Я имела дерзость подумать вслух, что ему не помешало бы искупаться.
– Дорогая моя, – сердито сказала бабушка, – такого человека, как он, отмыть от грязи легче, чем злое сердце.
– А разве у меня злое сердце? – растерянно спросила я.
– Да нет же, слава богу, – ответила бабушка. – Но, сама того не сознавая, ты сказала вещь очень нехорошую. Этот юноша сегодня утром спас тебе жизнь, а ты даже и не думаешь о том, что, возвращаясь вечером домой, он подвергает опасности свою собственную жизнь.
– Но зачем же он подвергает ее опасности? Он вполне мог бы остаться у нас до завтра.
– Но его дядя беспокоился бы и волновался за него всю ночь, а ты видишь, что Фрюманс любит своего дядю пуще собственной жизни.
Я поняла, что бабушка дала мне хороший урок. Она давала мне обычно уроки не прямо, а косвенно, и я их прекрасно понимала. Но Дениза чуть ли не боготворила меня, и раз одна потакала всем моим слабостям, я готова была оказывать сопротивление другой. Это, может быть, толкало меня даже на путь неблагодарности, наперекор моим природным склонностям, которые отнюдь не были уж такими плохими. Возможно также, что в раннем детстве я испытала много страданий, и во мне осталась какая-то раздражительность, непонятная мне самой.

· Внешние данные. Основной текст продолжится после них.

(* Let $V$ be a reflexive Banach space, $X$ a Hilbert space, $C\subset V$, $K\colon C\to 2^C$ with nonempty closed convex values, $A\colon V\to V^*$, $f\in V^*$, $\varphi\colon V\to\mathbb{R}$ convex, $M\colon V\to X$ linear and bounded with adjoint $M^*$, and $j\colon X\to\mathbb{R}$ locally Lipschitz. Then $u\in C$ satisfies $u\in K(u)$ and $$\langle Au-f,z-u\rangle+\varphi(z)-\varphi(u)+j^0(Mu;Mz-Mu)\ge0\quad\forall z\in K(u)$$ if and only if $u\in C$, $u\in K(u)$, and there exists $w\in\partial j(Mu)$ such that $$\langle Au-f,z-u\rangle+\varphi(z)-\varphi(u)+\langle M^*w,z-u\rangle\ge0\quad\forall z\in K(u).$$
   Context: $j^0(x;v)=\limsup_{y\to x,\lambda\downarrow0}\frac{j(y+\lambda v)-j(y)}{\lambda}$ is the Clarke generalized directional derivative, and $\partial j(x)=\{\xi\in X:\langle\xi,v\rangle_X\le j^0(x;v)\ \forall v\in X\}$ is the Clarke subgradient. *)

theory Defs
  imports "HOL-Analysis.Analysis"
begin

definition reflexive_space :: "'v::banach itself \<Rightarrow> bool" where
  "reflexive_space _ \<longleftrightarrow>
     (\<forall>\<Phi> :: ('v \<Rightarrow>\<^sub>L real) \<Rightarrow>\<^sub>L real. \<exists>x::'v. \<forall>l. blinfun_apply \<Phi> l = blinfun_apply l x)"

definition locally_lipschitz :: "('x::metric_space \<Rightarrow> real) \<Rightarrow> bool" where
  "locally_lipschitz j \<longleftrightarrow>
     (\<forall>x. \<exists>e>0. \<exists>L. \<forall>y\<in>ball x e. \<forall>z\<in>ball x e. \<bar>j y - j z\<bar> \<le> L * dist y z)"

definition clarke_dd :: "('x::real_normed_vector \<Rightarrow> real) \<Rightarrow> 'x \<Rightarrow> 'x \<Rightarrow> real" where
  "clarke_dd j x v =
     real_of_ereal (Limsup (nhds x \<times>\<^sub>F at_right (0::real))
        (\<lambda>(y, t). ereal ((j (y + t *\<^sub>R v) - j y) / t)))"

text \<open>Clarke subgradient in a Hilbert space X (dual identified with X via the inner product).\<close>
definition clarke_subdiff :: "('x::real_inner \<Rightarrow> real) \<Rightarrow> 'x \<Rightarrow> 'x set" where
  "clarke_subdiff j x = {\<xi>. \<forall>v. inner \<xi> v \<le> clarke_dd j x v}"

definition adjoint_op :: "('v::real_normed_vector \<Rightarrow>\<^sub>L 'x::real_inner) \<Rightarrow> 'x \<Rightarrow> ('v \<Rightarrow>\<^sub>L real)" where
  "adjoint_op M w = Blinfun (\<lambda>v. inner w (blinfun_apply M v))"

end

theory Submission
  imports Defs
begin

text \<open>For fixed \<open>u\<close> put \<open>\<psi>(z) = \<langle>Au - f, z - u\<rangle> + \<phi>(z) - \<phi>(u)\<close>, a convex function on the convex
  set \<open>K(u)\<close>, and \<open>p = j\<^sup>0(Mu; \<cdot>)\<close>. Since \<open>j\<close> is locally Lipschitz, \<open>p\<close> is finite, sublinear and
  bounded by \<open>L\<parallel>\<cdot>\<parallel>\<close>. The hypothesis says \<open>\<psi>(z) + p(Mz - Mu) \<ge> 0\<close> on \<open>K(u)\<close>; a Hahn--Banach
  sandwich argument in the Hilbert space \<open>X \<times> \<real>\<close> then yields a continuous linear functional
  \<open>(w, \<cdot>) \<le> p\<close> with \<open>\<psi>(z) + (w, Mz - Mu) \<ge> 0\<close>, and \<open>(w, \<cdot>) \<le> p\<close> says precisely
  \<open>w \<in> \<partial>j(Mu)\<close>. The separating functional is obtained by projecting \<open>(0, -1)\<close> onto the closure of
  a convex cone built from the epigraph of \<open>p\<close> and the epigraph of \<open>\<psi>\<close>.\<close>

section \<open>Nearest points in Hilbert spaces\<close>

lemma parallelogram_law:
  fixes x y :: "'a::real_inner"
  shows "norm (x + y)^2 + norm (x - y)^2 = 2 * norm x ^ 2 + 2 * norm y ^ 2"
  by (simp add: power2_norm_eq_inner inner_add_left inner_add_right inner_diff_left
      inner_diff_right inner_commute)

lemma norm_diff_sq_le_infdist:
  fixes S :: "'a::real_inner set"
  assumes "convex S" "x \<in> S" "y \<in> S"
  shows "norm (x - y)^2 \<le> 2 * dist a x ^ 2 + 2 * dist a y ^ 2 - 4 * infdist a S ^ 2"
proof -
  have "(1/2) *\<^sub>R x + (1/2) *\<^sub>R y \<in> S"
    using assms by (intro convexD) auto
  then have "infdist a S \<le> norm (a - ((1/2) *\<^sub>R x + (1/2) *\<^sub>R y))"
    by (metis infdist_le dist_norm)
  also have "a - ((1/2) *\<^sub>R x + (1/2) *\<^sub>R y) = (1/2) *\<^sub>R ((a - x) + (a - y))"
    by (simp add: algebra_simps flip: scaleR_add_left)
  finally have "(2 * infdist a S)^2 \<le> norm ((a - x) + (a - y))^2"
    by (intro power_mono) (auto simp: infdist_nonneg)
  moreover have "norm ((a - x) + (a - y))^2 + norm (x - y)^2 = 2 * dist a x ^ 2 + 2 * dist a y ^ 2"
    using parallelogram_law[of "a - x" "a - y"]
    by (simp add: dist_norm norm_minus_commute[of y x])
  ultimately show ?thesis
    by (simp add: power_mult_distrib)
qed
(* Let $\mathcal{G}=(\mathcal{V},\mathcal{E})$ be a strongly connected digraph with $n$ nodes $v_1,\dots,v_n$, where node $v_j$ has out-degree $d_j^+$ and arbitrary initial value $x_j[0]\in\mathbb{R}$, and $y_j[0]=1$. Consider the ARQ-based Ratio Consensus iteration written in augmented form $$\tilde{x}[k+1]=\Xi[k]\,\tilde{x}[k],\qquad \tilde{y}[k+1]=\Xi[k]\,\tilde{y}[k],\qquad k=0,1,2,\dots,$$ where $\tilde x[k],\tilde y[k]\in\mathbb{R}^{\tilde n}$, $\tilde n\ge n$, the first $n$ coordinates correspond to the actual nodes and are initialized as $\tilde x_j[0]=x_j[0]$, $\tilde y_j[0]=1$ for $j=1,\dots,n$, while all remaining (virtual-node) coordinates are initialized to $0$. Assume the random matrices $\Xi[k]$ satisfy the standing assumptions (A1)–(A3) below. For each actual node $v_j$ let $\mathcal{K}_j=\{k\ge 0:\ \tilde y_j[k]\ge c^{\lambda}\}$ and, for $k\in\mathcal{K}_j$, let $z_j[k]=\tilde x_j[k]/\tilde y_j[k]$. Then, with probability $1$, for every $v_j\in\mathcal{V}$ the set $\mathcal{K}_j$ is infinite and $$\lim_{k\to\infty,\ k\in\mathcal{K}_j} z_j[k]=\frac{1}{n}\sum_{i=1}^{n}x_i[0].$$
   Context: Model: the augmented digraph adds, for each edge $(v_j,v_i)\in\mathcal{E}$ (meaning $v_j$ receives from $v_i$), $\bar\tau$ virtual "delay" nodes (holding information that will arrive at $v_j$ after $r=1,\dots,\bar\tau$ steps, where $\bar\tau$ is the ARQ retransmission limit and upper bound on delays) and one virtual "buffer" node (holding mass lost due to packet drops, released later), so $\tilde n=|\mathcal{E}|(\bar\tau+1)+n$. The weights used by node $v_j$ on its out-going links and self-loop are $p_{lj}=1/(1+d_j^+)$ for $v_l\in\mathcal{N}_j^+\cup\{v_j\}$ and $0$ otherwise. Standing assumptions on the random matrices $\Xi[k]\in\mathbb{R}_+^{\tilde n\times\tilde n}$, which encode the realized retransmission delays and packet drops at step $k$: (A1) Each $\Xi[k]$ takes values in a fixed finite set $\mathcal{X}$ of nonnegative column-stochastic $\tilde n\times\tilde n$ matrices, every entry of which is $0$, $1$, or $1/(1+d_j^+)$ for some $j$; hence every positive entry is at least $c:=\min_{j}1/(1+d_j^+)$. (A2) There exist a positive integer $\lambda$, matrices $\Xi_1,\dots,\Xi_\lambda\in\mathcal{X}$ and a constant $p_{\min}>0$ such that the product $L=\Xi_\lambda\Xi_{\lambda-1}\cdots\Xi_1$ satisfies $L(j,i)>0$ for every $j\in\{1,\dots,n\}$ and every $i\in\{1,\dots,\tilde n\}$ (all entries in the rows of the actual nodes are strictly positive). (A3) For every $k\ge 0$, conditionally on the past realizations $\Xi[0],\dots,\Xi[k]$, the event $\{\Xi[k+1]=\Xi_1,\ \Xi[k+2]=\Xi_2,\dots,\Xi[k+\lambda]=\Xi_\lambda\}$ has probability at least $p_{\min}$. *)

theory Defs
  imports "HOL-Probability.Probability"
begin

text \<open>Matrices of size N x N are represented as functions nat => nat => real
  whose entries vanish outside the index range {0..<N}.\<close>

type_synonym rmat = "nat \<Rightarrow> nat \<Rightarrow> real"
lemma Wfun_has_derivative:
  assumes sol: "regular_solution DA A DS S \<alpha> \<beta> \<gamma> \<kappa> \<eta> u v w th" and "0 \<le> t" "\<alpha> \<noteq> 0" "\<kappa> \<noteq> 0"
  shows "((\<lambda>s. Wfun S \<alpha> \<beta> \<gamma> (u s) (v s) (w s) (th s)) has_real_derivative
      W_rate (\<gamma> - \<alpha> * \<beta>) \<kappa> (S (v t)) (S (th t))) (at t within {0..})"
proof -
  note D = regular_solutionD[OF sol \<open>0 \<le> t\<close>]
  note DS = regular_solution_in_DS[OF sol \<open>0 \<le> t\<close> \<open>\<kappa> \<noteq> 0\<close>]
  define z1 where "z1 = \<beta> *\<^sub>R v t + \<gamma> *\<^sub>R u t - \<eta> *\<^sub>R th t"
  define z2 where "z2 = \<kappa> *\<^sub>R th t + \<eta> *\<^sub>R w t + (\<alpha> * \<eta>) *\<^sub>R v t"
  have "z1 \<in> DA" "z2 \<in> DA" using D by (simp_all add: z1_def z2_def)
  have dP: "((\<lambda>s. S (v s + \<alpha> *\<^sub>R u s)) has_vector_derivative S (w t) + \<alpha> *\<^sub>R S (v t)) (at t within {0..})"
  proof (rule has_vector_derivative_transform_within[OF _ zero_less_one])
    show "((\<lambda>s. S (v s) + \<alpha> *\<^sub>R S (u s)) has_vector_derivative S (w t) + \<alpha> *\<^sub>R S (v t)) (at t within {0..})"
      by (intro has_vector_derivative_add D bounded_linear.has_vector_derivative[OF bounded_linear_scaleR_right])
    fix s :: real assume "s \<in> {0..}"
    then show "S (v s) + \<alpha> *\<^sub>R S (u s) = S (v s + \<alpha> *\<^sub>R u s)"
      using regular_solution_in_DS[OF sol _ \<open>\<kappa> \<noteq> 0\<close>] by simp
  qed (use \<open>0 \<le> t\<close> in simp)
  have dq: "((\<lambda>s. w s + \<alpha> *\<^sub>R v s) has_vector_derivative - A z1) (at t within {0..})"
    using has_vector_derivative_add[OF D(10) bounded_linear.has_vector_derivative[OF bounded_linear_scaleR_right[of \<alpha>] D(8)]]
    by (simp add: z1_def)
  have "S (v t + \<alpha> *\<^sub>R u t) = S (v t) + \<alpha> *\<^sub>R S (u t)" using DS by simp
  moreover have "inner (w t + \<alpha> *\<^sub>R v t) (- A z1)
      = - inner (S (w t) + \<alpha> *\<^sub>R S (v t)) (\<beta> *\<^sub>R S (v t) + \<gamma> *\<^sub>R S (u t) - \<eta> *\<^sub>R S (th t))"
    using inner_A[of "w t + \<alpha> *\<^sub>R v t" z1] \<open>z1 \<in> DA\<close> DS by (simp add: z1_def)
  moreover have "inner (th t) (- A z2)
      = - inner (S (th t)) (\<kappa> *\<^sub>R S (th t) + \<eta> *\<^sub>R S (w t) + (\<alpha> * \<eta>) *\<^sub>R S (v t))"
    using inner_A[of "th t" z2] \<open>z2 \<in> DA\<close> DS by (simp add: z2_def)
  moreover have "((\<lambda>s. Wfun S \<alpha> \<beta> \<gamma> (u s) (v s) (w s) (th s)) has_real_derivative
      \<gamma> / \<alpha> * (2 * inner (S (v t + \<alpha> *\<^sub>R u t)) (S (w t) + \<alpha> *\<^sub>R S (v t)))
      + 2 * inner (w t + \<alpha> *\<^sub>R v t) (- A z1)
      - (\<gamma> - \<alpha> * \<beta>) / \<alpha> * (2 * inner (S (v t)) (S (w t))) + 2 * inner (th t) (- A z2))
      (at t within {0..})"
    unfolding Wfun_def using D(11) unfolding z2_def[symmetric]
    by (intro DERIV_add DERIV_diff DERIV_cmult has_real_derivative_norm_power2 dP dq D)
  ultimately show ?thesis by (simp only: W_rate_identity[OF \<open>\<alpha> \<noteq> 0\<close>])
qed
lemma Vs_right_partner:
  assumes "N \<subseteq> X \<times> Y" "X \<inter> Y = {}" "v \<in> Vs N" "v \<in> Y"
  obtains u where "(u, v) \<in> N"
  using assms unfolding Vs_def by force

lemma fst_in_Vs: "(a, b) \<in> N \<Longrightarrow> a \<in> Vs N"
  and snd_in_Vs: "(a, b) \<in> N \<Longrightarrow> b \<in> Vs N"
  unfolding Vs_def by force+

lemma Vs_subset_Un: "N \<subseteq> A \<times> B \<Longrightarrow> Vs N \<subseteq> A \<union> B"
  unfolding Vs_def by auto

lemma bij_betw_extend_id:
  assumes "bij_betw \<sigma> C C"
  shows "bij (\<lambda>x. if x \<in> C then \<sigma> x else x)"
proof -
  have "bij_betw (\<lambda>x. if x \<in> C then \<sigma> x else id x) (C \<union> - C) (C \<union> - C)"
    using assms bij_betw_id by (rule bij_betw_disjoint_Un) auto
  then show ?thesis by (simp only: id_apply Compl_partition)
qed

lemma successor_closed_not_acyclic:
  assumes "finite R" "S \<noteq> {}" "\<And>x. x \<in> S \<Longrightarrow> \<exists>y\<in>S. (x, y) \<in> R"
  shows "\<not> acyclic R"
proof
  assume "acyclic R"
  with \<open>finite R\<close> have "wf (R\<inverse>)" by (rule finite_acyclic_wf_converse)
  then obtain z where "z \<in> S" "\<And>y. (y, z) \<in> R\<inverse> \<Longrightarrow> y \<notin> S"
    using \<open>S \<noteq> {}\<close> by (meson ex_in_conv wfE_min)
  with assms(3) show False by blast
qed

text \<open>A successor-closed set of minimal cardinality is mapped onto itself by any choice of
  successors, which is therefore a permutation.\<close>
lemma not_acyclic_obtains_permutation:
  assumes "finite R" "\<not> acyclic R"
  obtains C \<sigma> where "C \<noteq> {}" "bij_betw \<sigma> C C" "\<And>x. x \<in> C \<Longrightarrow> (x, \<sigma> x) \<in> R"
proof -
  define closed where "closed C \<longleftrightarrow> C \<noteq> {} \<and> (\<forall>x\<in>C. \<exists>y\<in>C. (x, y) \<in> R)" for C
  have "closed {v. (v, v) \<in> R\<^sup>+}"
  proof -
    have "\<exists>w. (w, w) \<in> R\<^sup>+ \<and> (v, w) \<in> R" if "(v, v) \<in> R\<^sup>+" for v
    proof -
      obtain w where "(v, w) \<in> R" "(w, v) \<in> R\<^sup>*" using \<open>(v, v) \<in> R\<^sup>+\<close> by (meson tranclD)
      then show ?thesis by (blast intro: rtrancl_into_trancl1)
    qed
    moreover have "{v. (v, v) \<in> R\<^sup>+} \<noteq> {}" using \<open>\<not> acyclic R\<close> unfolding acyclic_def by simp
    ultimately show ?thesis unfolding closed_def by blast
  qed
  then obtain C where C: "closed C" and minimal: "\<And>C'. closed C' \<Longrightarrow> card C \<le> card C'"
    using ex_has_least_nat[where m = card] by metis
  have "C \<subseteq> Domain R" using C unfolding closed_def by blast
  then have "finite C" using \<open>finite R\<close> by (meson finite_Domain finite_subset)
  define \<sigma> where "\<sigma> x = (SOME y. y \<in> C \<and> (x, y) \<in> R)" for x
  have \<sigma>: "\<sigma> x \<in> C \<and> (x, \<sigma> x) \<in> R" if "x \<in> C" for x
    using C that unfolding closed_def \<sigma>_def by (metis (mono_tags, lifting) someI_ex)
  have "closed (\<sigma> ` C)" using C \<sigma> unfolding closed_def by blast
  then have "card C \<le> card (\<sigma> ` C)" by (rule minimal)
  moreover have "\<sigma> ` C \<subseteq> C" using \<sigma> by blast
  ultimately have "\<sigma> ` C = C" using \<open>finite C\<close> by (meson card_seteq)
  then have "bij_betw \<sigma> C C" using \<open>finite C\<close> by (simp add: bij_betw_def eq_card_imp_inj_on)
  then show thesis using C \<sigma> unfolding closed_def by (intro that) auto
qed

В следующее воскресенье у нас вновь появился аббат Костель, и бабушка стала выговаривать ему за то, что он не взял с собой племянника.
– Он помог бы вам служить мессу гораздо лучше, чем мой садовник, – говорила она, – и нам бы доставило удовольствие видеть его у себя. Мы его как-то очень полюбили.
Священник ответил, что его племянник где-то неподалеку, ибо, видя, что дядя еще немного хромает, славный юноша вызвался проводить его до брода, но что он слишком стеснителен, чтобы прийти в замок без приглашения.
– Надо пойти за ним! – воскликнула бабушка. – Я сейчас отправлю туда Мишеля.
И, многозначительно взглянув на меня, она добавила:
– Он вел себя героем по отношению к моей внучке, а Люсьена не такое уж неблагодарное создание.
Я сразу поняла этот упрек и, скорее из чувства гордости, чем доброты, попросила разрешения пойти вместе с Мишелем, чтобы передать приглашение бабушки господину Фрюмансу.
– Да, деточка, вот это очень мило, – сказала бабушка и поцеловала меня. – Иди, конечно. Мы подождем его с обедом. А господин кюре пока слегка закусит – ведь он, вероятно, уже как следует проголодался.
Я пошла с лакеем. Мы нашли Фрюманса шагах в пятидесяти от дома; он сидел на берегу с удочкой, а на коленях у него лежала книга. Он снял сюртук, и на нем была белая рубашка, вся рваная. Однако в таком виде он внушал мне меньше отвращения, чем в своем сюртуке с засаленным воротом, и я довольно любезно выполнила поручение. Сначала он, видимо, был недоволен, что ему помешали, но, зная, что его ждут, он отдал Мишелю пойманных им рыбешек и предложил мне руку, чтобы подняться к замку. Эта рука, которой он только что дотрагивался до рыб, мне не очень-то улыбалась. Я ответила ему, что могу идти сама, и, чтобы доказать это, пустилась бежать вперед, как лань.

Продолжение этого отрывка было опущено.